Shealy P, Valafar H - BMC Bioinformatics (2012)

Bottom Line: Although multiple structure alignment algorithms can potentially be applied to a number of problems, they have primarily been used for protein core identification.We also demonstrate success at building a database of protein cores using 341 randomly selected CATH domains and highlight the contribution of msTALI compared to the CATH classifications.In addition to its performance on standard comparison databases, it utilizes clear, informative features, allowing further customization for domain-specific applications.

View Article: PubMed Central - HTML - PubMed

Affiliation: Department of Computer Science and Engineering, University of South Carolina, Columbia, SC 29208, USA.

ABSTRACT

Background: Multiple structure alignments have received increasing attention in recent years as an alternative to multiple sequence alignments. Although multiple structure alignment algorithms can potentially be applied to a number of problems, they have primarily been used for protein core identification. A method that is capable of solving a variety of problems using structure comparison is still absent. Here we introduce a program msTALI for aligning multiple protein structures. Our algorithm uses several informative features to guide its alignments: torsion angles, backbone Cα atom positions, secondary structure, residue type, surface accessibility, and properties of nearby atoms. The algorithm allows the user to weight the types of information used to generate the alignment, which expands its utility to a wide variety of problems.

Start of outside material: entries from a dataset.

(* Let $(l,k,b)$ be a suspension triplet for $(X_A,\sigma_A)$ and $c=l-k$. If $c'\in C(X_A,\mathbb Z)$ satisfies $[c]=[c']$ in $H^A$, then there exist a suspension triplet $(l',k',b')$ for $(X_A,\sigma_A)$ with $c'=l'-k'$ and a homeomorphism $\Phi:S^{l,k}_{A,b}\to S^{l',k'}_{A,b'}$ such that $\Phi\circ b_A=b'_A$ and $\Phi\circ\phi_{A,t}=\phi_{A,t}\circ\Phi$ for all $t\in\mathbb R_+$, where $b_A(x)=[x,b(x)]\in S^{l,k}_{A,b}$ and $b'_A(x)=[x,b'(x)]\in S^{l',k'}_{A,b'}$ are the base maps.
   Context: Let $N>1$ and $A$ an irreducible $N\times N$ $\{0,1\}$-matrix which is not a permutation matrix. $X_A$ is the compact space of sequences $(x_n)_{n\in\mathbb N}$, $x_n\in\{1,\dots,N\}$, $A(x_n,x_{n+1})=1$, with $\sigma_A((x_n)_n)=(x_{n+1})_n$. $\mathbb Z_+$, $\mathbb R_+$ are nonnegative integers/reals. $H^A$ is the quotient of $C(X_A,\mathbb Z)$ by $\{u-u\circ\sigma_A: u\in C(X_A,\mathbb Z)\}$, $[f]$ the class, $H^A_+$ the classes of $\mathbb Z_+$-valued continuous functions; $[f]\in H^A_+$ is an order unit if for every $[u]\in H^A$ some $n\in\mathbb N$ has $n[f]-[u]\in H^A_+$. A suspension triplet is $(l,k,b)$ with $l,k\in C(X_A,\mathbb R_+)$, $b\in C(X_A,\mathbb R)$ such that $c=l-k$ is integer-valued with $[c]$ an order unit, and $l-b$, $k-b\circ\sigma_A$ take values in $\mathbb Z_+$. $S^{l,k}_{A,b}$ is the quotient of $\{(x,r)\in X_A\times\mathbb R: r\ge b(x)\}$ by the equivalence relation generated by $(x,r)\sim(\sigma_A(x),r-c(x))$ whenever $r\ge l(x)$, with classes $[x,r]$ and flow $\phi_{A,t}([x,r])=[x,r+t]$, $t\in\mathbb R_+$. *)

theory Defs
  imports "HOL-Analysis.Analysis"
begin
lemma zetaE_bounded:
  assumes "a > 0" "s > 1"
  shows "\<exists>M\<ge>0. \<forall>w t. norm w \<le> R \<longrightarrow> s \<le> Re w \<longrightarrow> a \<le> t \<longrightarrow> norm (zetaE w t) \<le> M"
proof -
  obtain h where h: "summable h" "\<And>n. 0 \<le> h n"
    "\<And>n w t. norm w \<le> R \<Longrightarrow> s \<le> Re w \<Longrightarrow> a \<le> t \<Longrightarrow> norm (powr_diff 0 w (real n + t)) \<le> h n"
    using powr_diff_majorant[OF assms, of R 0] by auto
  have "norm (zetaE w t) \<le> suminf h" if "norm w \<le> R" "s \<le> Re w" "a \<le> t" for w t
  proof -
    have "(\<lambda>n. (-1) ^ n * powr_diff 0 w (real n + t)) sums zetaE w t"
      using zetaE_sums[of t w] that assms by simp
    then have "zetaE w t = (\<Sum>n. (-1) ^ n * powr_diff 0 w (real n + t))"
      by (rule sums_unique)
    also have "norm \<dots> \<le> suminf h"
      by (rule norm_suminf_le) (use h that in \<open>auto simp: norm_mult norm_power\<close>)
    finally show ?thesis .
  qed
  moreover have "suminf h \<ge> 0"
    using h by (simp add: suminf_nonneg)
  ultimately show ?thesis
    by blast
qed

lemma zetaE_has_vector_derivative:
  assumes "t0 > 0" "Re z > 0"
  shows "((\<lambda>t. zetaE z t) has_vector_derivative (-z * zetaE (z + 1) t0)) (at t0)"
proof -
  \<comment> \<open>Termwise differentiation: the differentiated series is that of zetaE (z + 1), which
    converges uniformly for t > t0/2 since Re (z + 1) > 1.\<close>
  define S where "S = {t0/2<..}"
  have "open S" "convex S" "t0 \<in> S"
    using assms by (auto simp: S_def)
  define f where "f n t = (-1) ^ n * powr_diff 0 z (real n + t)" for n t
  define f' where "f' n t = (-1) ^ n * (-z * powr_diff 0 (z + 1) (real n + t))" for n t
  have "(f n has_vector_derivative f' n t) (at t within S)" if "t \<in> S" for n t
  proof -
    have "0 < real n + t"
      using that assms by (simp add: S_def)
    from powr_diff_has_vector_derivative[OF this, of 0 z] show ?thesis
      unfolding f_def f'_def by (intro has_vector_derivative_at_within[OF has_vector_derivative_mult_right])
  qed
  moreover obtain h where h: "summable h" "\<And>n w t. norm w \<le> norm z + 1 \<Longrightarrow> 1 + Re z \<le> Re w \<Longrightarrow>
      t0 / 2 \<le> t \<Longrightarrow> norm (powr_diff 0 w (real n + t)) \<le> h n"
    using powr_diff_majorant[of "t0 / 2" "1 + Re z" "norm z + 1" 0] assms by auto
  have "uniform_limit S (\<lambda>n t. \<Sum>i<n. f' i t) (\<lambda>t. \<Sum>i. f' i t) sequentially"
  proof (rule Weierstrass_m_test[of _ _ "\<lambda>n. norm z * h n"])
    fix n t assume "t \<in> S"
    have "norm (powr_diff 0 (z + 1) (real n + t)) \<le> h n"
      using h(2)[of "z + 1" t n] \<open>t \<in> S\<close> norm_triangle_ineq[of z 1] by (simp add: S_def)
    then show "norm (f' n t) \<le> norm z * h n"
      unfolding f'_def by (simp add: norm_mult norm_power mult_left_mono)
  qed (use h(1) in \<open>rule summable_mult\<close>)
  moreover have "summable (\<lambda>n. f n t0)"
    using zetaE_sums[OF assms] unfolding f_def by (simp add: sums_summable)
  ultimately obtain g where
    g: "\<forall>t\<in>S. (\<lambda>n. f n t) sums g t \<and> (g has_vector_derivative (\<Sum>i. f' i t)) (at t within S)"
    using has_vector_derivative_series[OF \<open>convex S\<close> _ _ \<open>t0 \<in> S\<close>] by blast
  have "(\<lambda>i. f' i t0) sums (-z * zetaE (z + 1) t0)"
    unfolding f'_def using sums_mult[OF zetaE_sums[of t0 "z + 1"], of "-z"] assms by (simp add: mult_ac)
  moreover from g \<open>t0 \<in> S\<close> have "(g has_vector_derivative (\<Sum>i. f' i t0)) (at t0 within S)"
    by blast
  ultimately have "(g has_vector_derivative (-z * zetaE (z + 1) t0)) (at t0)"
    by (simp add: sums_unique[symmetric] at_within_open[OF \<open>t0 \<in> S\<close> \<open>open S\<close>])
  moreover have "g t = zetaE z t" if "t \<in> S" for t
    using g that zetaE_sums[of t z] assms sums_unique2 by (fastforce simp: S_def f_def)
  ultimately show ?thesis
    by (rule has_vector_derivative_transform_within_open[OF _ \<open>open S\<close> \<open>t0 \<in> S\<close>])
qed

lemma higher_deriv_zetaE_has_vector_derivative:
  assumes "q > 0"
  shows "((\<lambda>t. (deriv ^^ j) (\<lambda>z. zetaE z t) 1) has_vector_derivative
           (deriv ^^ j) (\<lambda>z. -z * zetaE (z + 1) q) 1) (at q)"
proof -
  define A where "A = {z. 1/2 < Re z \<and> norm z < 3/2}"
  have t: "q/2 \<le> t" "0 < t" if "t \<in> cball q (q/2)" for t
    using that abs_ge_self[of "q - t"] assms unfolding mem_cball dist_real_def by linarith+
  obtain M where "M \<ge> 0"
    and M: "\<And>w t. norm w \<le> 7/2 \<Longrightarrow> 5/2 \<le> Re w \<Longrightarrow> q/2 \<le> t \<Longrightarrow> norm (zetaE w t) \<le> M"
    using zetaE_bounded[of "q/2" "5/2" "7/2"] assms by auto
  show ?thesis
  proof (rule has_vector_derivative_higher_deriv_param[where A=A and \<delta>="q/2" and M="4 * M"
        and F="\<lambda>z t. zetaE z t" and F'="\<lambda>z t. -z * zetaE (z + 1) t"
        and F''="\<lambda>z t. -z * (-(z + 1) * zetaE (z + 1 + 1) t)"])
    show "open A" "1 \<in> A" "q/2 > 0"
      unfolding A_def using assms by (auto intro!: open_Collect_conj open_Collect_less continuous_intros)
    show "(\<lambda>z. zetaE z t) holomorphic_on A" if "t \<in> cball q (q/2)" for t
      using zetaE_holomorphic[OF t(2)[OF that]] by (rule holomorphic_on_subset) simp
    fix z t assume z: "z \<in> A" and "t \<in> cball q (q/2)"
    note t = t[OF this(2)]
    show "((\<lambda>t. zetaE z t) has_vector_derivative -z * zetaE (z + 1) t) (at t)"
      using z t by (intro zetaE_has_vector_derivative) (auto simp: A_def)
    show "((\<lambda>t. -z * zetaE (z + 1) t) has_vector_derivative -z * (-(z + 1) * zetaE (z + 1 + 1) t)) (at t)"
      using z t by (intro has_vector_derivative_mult_right zetaE_has_vector_derivative) (auto simp: A_def)
    have "norm (z + 1) \<le> 5/2" "norm (z + 1 + 1) \<le> 7/2"
      using z norm_triangle_ineq[of z 1] norm_triangle_ineq[of "z + 1" 1] by (auto simp: A_def)
    then have "norm z * (norm (z + 1) * norm (zetaE (z + 1 + 1) t)) \<le> 3/2 * (5/2 * M)"
      using z t \<open>M \<ge> 0\<close> by (intro mult_mono M) (auto simp: A_def)
    then show "norm (-z * (-(z + 1) * zetaE (z + 1 + 1) t)) \<le> 4 * M"
      using \<open>M \<ge> 0\<close> unfolding norm_mult norm_minus_cancel by linarith
  qed
qed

Results: msTALI exhibits competitive results on 824 families from the Homstrad and SABmark databases when compared to Matt and Mustang. We also demonstrate success at building a database of protein cores using 341 randomly selected CATH domains and highlight the contribution of msTALI compared to the CATH classifications. Finally, we present an example applying msTALI to the problem of detecting hinges in a protein undergoing rigid-body motion.

Conclusions: msTALI is an effective algorithm for multiple structure alignment. In addition to its performance on standard comparison databases, it utilizes clear, informative features, allowing further customization for domain-specific applications. The C++ source code for msTALI is available for Linux on the web at http://ifestos.cse.sc.edu/mstali.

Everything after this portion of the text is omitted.